[Opening Task inputs section]

(* Let $A\subset\mathbb{N}\setminus\{1\}$. If $L(A)$ is lineable, then there exists an integer $k\ge1$ such that $A\cap(A-k)$ is infinite, where $A-k=\{a-k: a\in A\}$.
   Context: $\ell^\infty$ is the space of bounded real sequences with the sup norm. For $x\in\ell^\infty$, $L_x$ denotes the set of accumulation points (subsequential limits) of $x$. For a set $A$ of cardinalities, $L(A)=\{x\in\ell^\infty: |L_x|\in A\}$. A subset $Y$ of a vector space is lineable if $Y\cup\{0\}$ contains an infinite-dimensional linear subspace. *)

theory Defs
  imports Complex_Main
begin

definition linf :: "(nat \<Rightarrow> real) set" where
  "linf = {x. \<exists>B. \<forall>n. \<bar>x n\<bar> \<le> B}"

definition acc_pts :: "(nat \<Rightarrow> real) \<Rightarrow> real set" where
  "acc_pts x = {l. \<exists>r. strict_mono r \<and> (x \<circ> r) \<longlonglongrightarrow> l}"

definition LA :: "nat set \<Rightarrow> (nat \<Rightarrow> real) set" where
  "LA A = {x \<in> linf. finite (acc_pts x) \<and> card (acc_pts x) \<in> A}"

definition seq_subspace :: "(nat \<Rightarrow> real) set \<Rightarrow> bool" where
  "seq_subspace V \<longleftrightarrow> (\<lambda>n. 0) \<in> V \<and>
     (\<forall>x\<in>V. \<forall>y\<in>V. (\<lambda>n. x n + y n) \<in> V) \<and>
     (\<forall>c. \<forall>x\<in>V. (\<lambda>n. c * x n) \<in> V)"

definition seq_lin_indep :: "(nat \<Rightarrow> real) set \<Rightarrow> bool" where
  "seq_lin_indep S \<longleftrightarrow> (\<forall>T c. finite T \<longrightarrow> T \<subseteq> S \<longrightarrow>
     (\<lambda>n. \<Sum>v\<in>T. c v * v n) = (\<lambda>n. 0) \<longrightarrow> (\<forall>v\<in>T. c v = 0))"

definition seq_inf_dim :: "(nat \<Rightarrow> real) set \<Rightarrow> bool" where
  "seq_inf_dim V \<longleftrightarrow> (\<exists>S. S \<subseteq> V \<and> infinite S \<and> seq_lin_indep S)"

definition lineable :: "(nat \<Rightarrow> real) set \<Rightarrow> bool" where
  "lineable Y \<longleftrightarrow> (\<exists>V. seq_subspace V \<and> seq_inf_dim V \<and> V \<subseteq> Y \<union> {\<lambda>n. 0})"

end

theory Submission
  imports Defs "HOL-Analysis.Analysis"
begin

(* Let V be an infinite-dimensional subspace of L(A) \<union> {0}. The pairs of joint subsequential limits
   of two bounded sequences x, y form a finite set J(x, y) of points in the plane, and the
   accumulation points of t x + y are the images of J(x, y) under (s, z) \<mapsto> t s + z.

   First, the number of accumulation points is unbounded on V. Otherwise pick w \<in> V with the
   maximal number M of them. For generic t the map (s, z) \<mapsto> t s + z is injective on J(w, y), so
   maximality forces J(w, y) to be the graph of a function of the first coordinate; this function
   depends linearly on y. Among M + 1 independent elements of V some nonzero combination u then
   has 0 as its only accumulation point, impossible because 1 \<notin> A.

   Now fix a nonzero x \<in> V with m accumulation points and y \<in> V with very many, and let
   J = J(x, y). A generic t x + y has |J| accumulation points; taking t to be the largest slope
   between points of J merges at least one pair of them but loses at most 2m. Both counts lie in
   A, so A contains arbitrarily large pairs at distance between 1 and 2m, and one of these finitely
   many distances occurs infinitely often. *)

lemma linf_comp: "x \<in> linf \<Longrightarrow> x \<circ> r \<in> linf"
  unfolding linf_def by auto

lemma linf_convergent_subseq:
  assumes "x \<in> linf"
  obtains r l where "strict_mono r" "(x \<circ> r) \<longlonglongrightarrow> l"
proof -
  have "bounded (range x)"
    using assms unfolding linf_def bounded_iff by (auto simp: real_norm_def)
  then show ?thesis
    using bounded_imp_convergent_subsequence that by blast
qed

lemma linf_common_convergent_subseq:
  fixes r0 :: "nat \<Rightarrow> nat"
  assumes "finite T" "T \<subseteq> linf"
  shows "\<exists>r a. strict_mono r \<and> (\<forall>x\<in>T. (x \<circ> r0 \<circ> r) \<longlonglongrightarrow> a x)"
  using assms
proof (induction T rule: finite_induct)
  case empty
  show ?case using strict_mono_id by blast
next
  case (insert y T)
  have "T \<subseteq> linf" using insert.prems by simp
  then obtain r a where r: "strict_mono r" and lim: "\<forall>x\<in>T. (x \<circ> r0 \<circ> r) \<longlonglongrightarrow> a x"
    using insert.IH by blast
  obtain r' l where r': "strict_mono r'" and l: "(y \<circ> r0 \<circ> r \<circ> r') \<longlonglongrightarrow> l"
    using linf_convergent_subseq[OF linf_comp[OF linf_comp]] insert.prems by blast
  have "(x \<circ> r0 \<circ> (r \<circ> r')) \<longlonglongrightarrow> (a(y := l)) x" if "x \<in> insert y T" for x
  proof (cases "x = y")
    case True
    then show ?thesis using l by (simp add: o_assoc)
  next
    case False
    then show ?thesis
      using that LIMSEQ_subseq_LIMSEQ[OF bspec[OF lim] r'] by (simp add: o_assoc)
  qed
  then have "strict_mono (r \<circ> r') \<and> (\<forall>x\<in>insert y T. (x \<circ> r0 \<circ> (r \<circ> r')) \<longlonglongrightarrow> (a(y := l)) x)"
    using strict_mono_o[OF r r'] by blast
  then show ?case
    by blast
qed

lemma acc_pts_nonempty: "x \<in> linf \<Longrightarrow> acc_pts x \<noteq> {}"
  unfolding acc_pts_def by (erule linf_convergent_subseq) blast

lemma acc_pts_const: "acc_pts (\<lambda>n. c) = {c}"
proof -
  have "((\<lambda>n. c) \<circ> r) = (\<lambda>n. c)" for r :: "nat \<Rightarrow> nat"
    by auto
  then show ?thesis
    unfolding acc_pts_def using strict_mono_id[where 'a=nat] by (auto simp: LIMSEQ_const_iff)
qed

definition joint_acc_pts :: "(nat \<Rightarrow> real) \<Rightarrow> (nat \<Rightarrow> real) \<Rightarrow> (real \<times> real) set" where
  "joint_acc_pts x y = {(s, z). \<exists>r. strict_mono r \<and> (x \<circ> r) \<longlonglongrightarrow> s \<and> (y \<circ> r) \<longlonglongrightarrow> z}"

lemma joint_acc_pts_subset: "joint_acc_pts x y \<subseteq> acc_pts x \<times> acc_pts y"
  unfolding joint_acc_pts_def acc_pts_def by auto

lemma finite_joint_acc_pts:
  "finite (acc_pts x) \<Longrightarrow> finite (acc_pts y) \<Longrightarrow> finite (joint_acc_pts x y)"
  by (rule finite_subset[OF joint_acc_pts_subset]) simp

lemma joint_acc_pts_sum:
  assumes "(s, z) \<in> joint_acc_pts w (\<lambda>n. \<Sum>v\<in>T. c v * v n)" "finite T" "T \<subseteq> linf"
  shows "\<exists>a. (\<forall>v\<in>T. (s, a v) \<in> joint_acc_pts w v) \<and> z = (\<Sum>v\<in>T. c v * a v)"
proof -
  obtain r where r: "strict_mono r" "(w \<circ> r) \<longlonglongrightarrow> s" "((\<lambda>n. \<Sum>v\<in>T. c v * v n) \<circ> r) \<longlonglongrightarrow> z"
    using assms(1) unfolding joint_acc_pts_def by blast
  obtain r' a where r': "strict_mono r'" and lim: "\<forall>v\<in>T. (v \<circ> r \<circ> r') \<longlonglongrightarrow> a v"
    using linf_common_convergent_subseq[OF assms(2,3)] by blast
  have w_lim: "(w \<circ> (r \<circ> r')) \<longlonglongrightarrow> s"
    using LIMSEQ_subseq_LIMSEQ[OF r(2) r'] by (simp add: o_assoc)
  have "((\<lambda>n. \<Sum>v\<in>T. c v * v n) \<circ> (r \<circ> r')) \<longlonglongrightarrow> z"
    using LIMSEQ_subseq_LIMSEQ[OF r(3) r'] by (simp add: o_assoc)
  moreover have "((\<lambda>n. \<Sum>v\<in>T. c v * v n) \<circ> (r \<circ> r')) \<longlonglongrightarrow> (\<Sum>v\<in>T. c v * a v)"
    using lim by (auto simp: o_def intro!: tendsto_sum tendsto_mult_left)
  ultimately have "z = (\<Sum>v\<in>T. c v * a v)"
    using LIMSEQ_unique by blast
  moreover have "(s, a v) \<in> joint_acc_pts w v" if "v \<in> T" for v
    unfolding joint_acc_pts_def using strict_mono_o[OF r(1) r'] w_lim lim that
    by (auto simp: o_assoc)
  ultimately show ?thesis by blast
qed

lemma acc_pts_lincomb:
  assumes "x \<in> linf" "y \<in> linf"
  shows "acc_pts (\<lambda>n. a * x n + b * y n) = (\<lambda>(s, z). a * s + b * z) ` joint_acc_pts x y"
proof (intro antisym subsetI)
  fix l assume "l \<in> acc_pts (\<lambda>n. a * x n + b * y n)"
  then obtain r where r: "strict_mono r" "((\<lambda>n. a * x n + b * y n) \<circ> r) \<longlonglongrightarrow> l"
    unfolding acc_pts_def by blast
  have "\<exists>r' c. strict_mono r' \<and> (\<forall>v\<in>{x, y}. (v \<circ> r \<circ> r') \<longlonglongrightarrow> c v)"
    using assms by (intro linf_common_convergent_subseq) auto
  then obtain r' c where r': "strict_mono r'" and lim: "\<forall>v\<in>{x, y}. (v \<circ> r \<circ> r') \<longlonglongrightarrow> c v"
    by blast
  have "((\<lambda>n. a * x n + b * y n) \<circ> (r \<circ> r')) \<longlonglongrightarrow> l"
    using LIMSEQ_subseq_LIMSEQ[OF r(2) r'] by (simp add: o_assoc)
  moreover have "((\<lambda>n. a * x n + b * y n) \<circ> (r \<circ> r')) \<longlonglongrightarrow> a * c x + b * c y"
    using lim by (auto simp: o_def intro!: tendsto_add tendsto_mult_left)
  ultimately have "l = a * c x + b * c y"
    using LIMSEQ_unique by blast
  moreover have "(c x, c y) \<in> joint_acc_pts x y"
    unfolding joint_acc_pts_def using strict_mono_o[OF r(1) r'] lim by (auto simp: o_assoc)
  ultimately show "l \<in> (\<lambda>(s, z). a * s + b * z) ` joint_acc_pts x y"
    by force
next
  fix l assume "l \<in> (\<lambda>(s, z). a * s + b * z) ` joint_acc_pts x y"
  then obtain s z r where l: "l = a * s + b * z" and r: "strict_mono r"
    and lim: "(x \<circ> r) \<longlonglongrightarrow> s" "(y \<circ> r) \<longlonglongrightarrow> z"
    unfolding joint_acc_pts_def by auto
  have "((\<lambda>n. a * x n + b * y n) \<circ> r) \<longlonglongrightarrow> l"
    unfolding l using tendsto_add[OF tendsto_mult_left[OF lim(1)] tendsto_mult_left[OF lim(2)]]
    by (simp add: o_def)
  then show "l \<in> acc_pts (\<lambda>n. a * x n + b * y n)"
    unfolding acc_pts_def using r by blast
qed

lemma acc_pts_eq_fst_image: "x \<in> linf \<Longrightarrow> y \<in> linf \<Longrightarrow> acc_pts x = fst ` joint_acc_pts x y"
  using acc_pts_lincomb[of x y 1 0] by (simp add: split_def)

[Closing Task inputs section]

__Work request__:
Look above for every line with the word "Defs" and copy it.

__Answer box__:
theory Defs
  imports Defs "HOL-Analysis.Analysis"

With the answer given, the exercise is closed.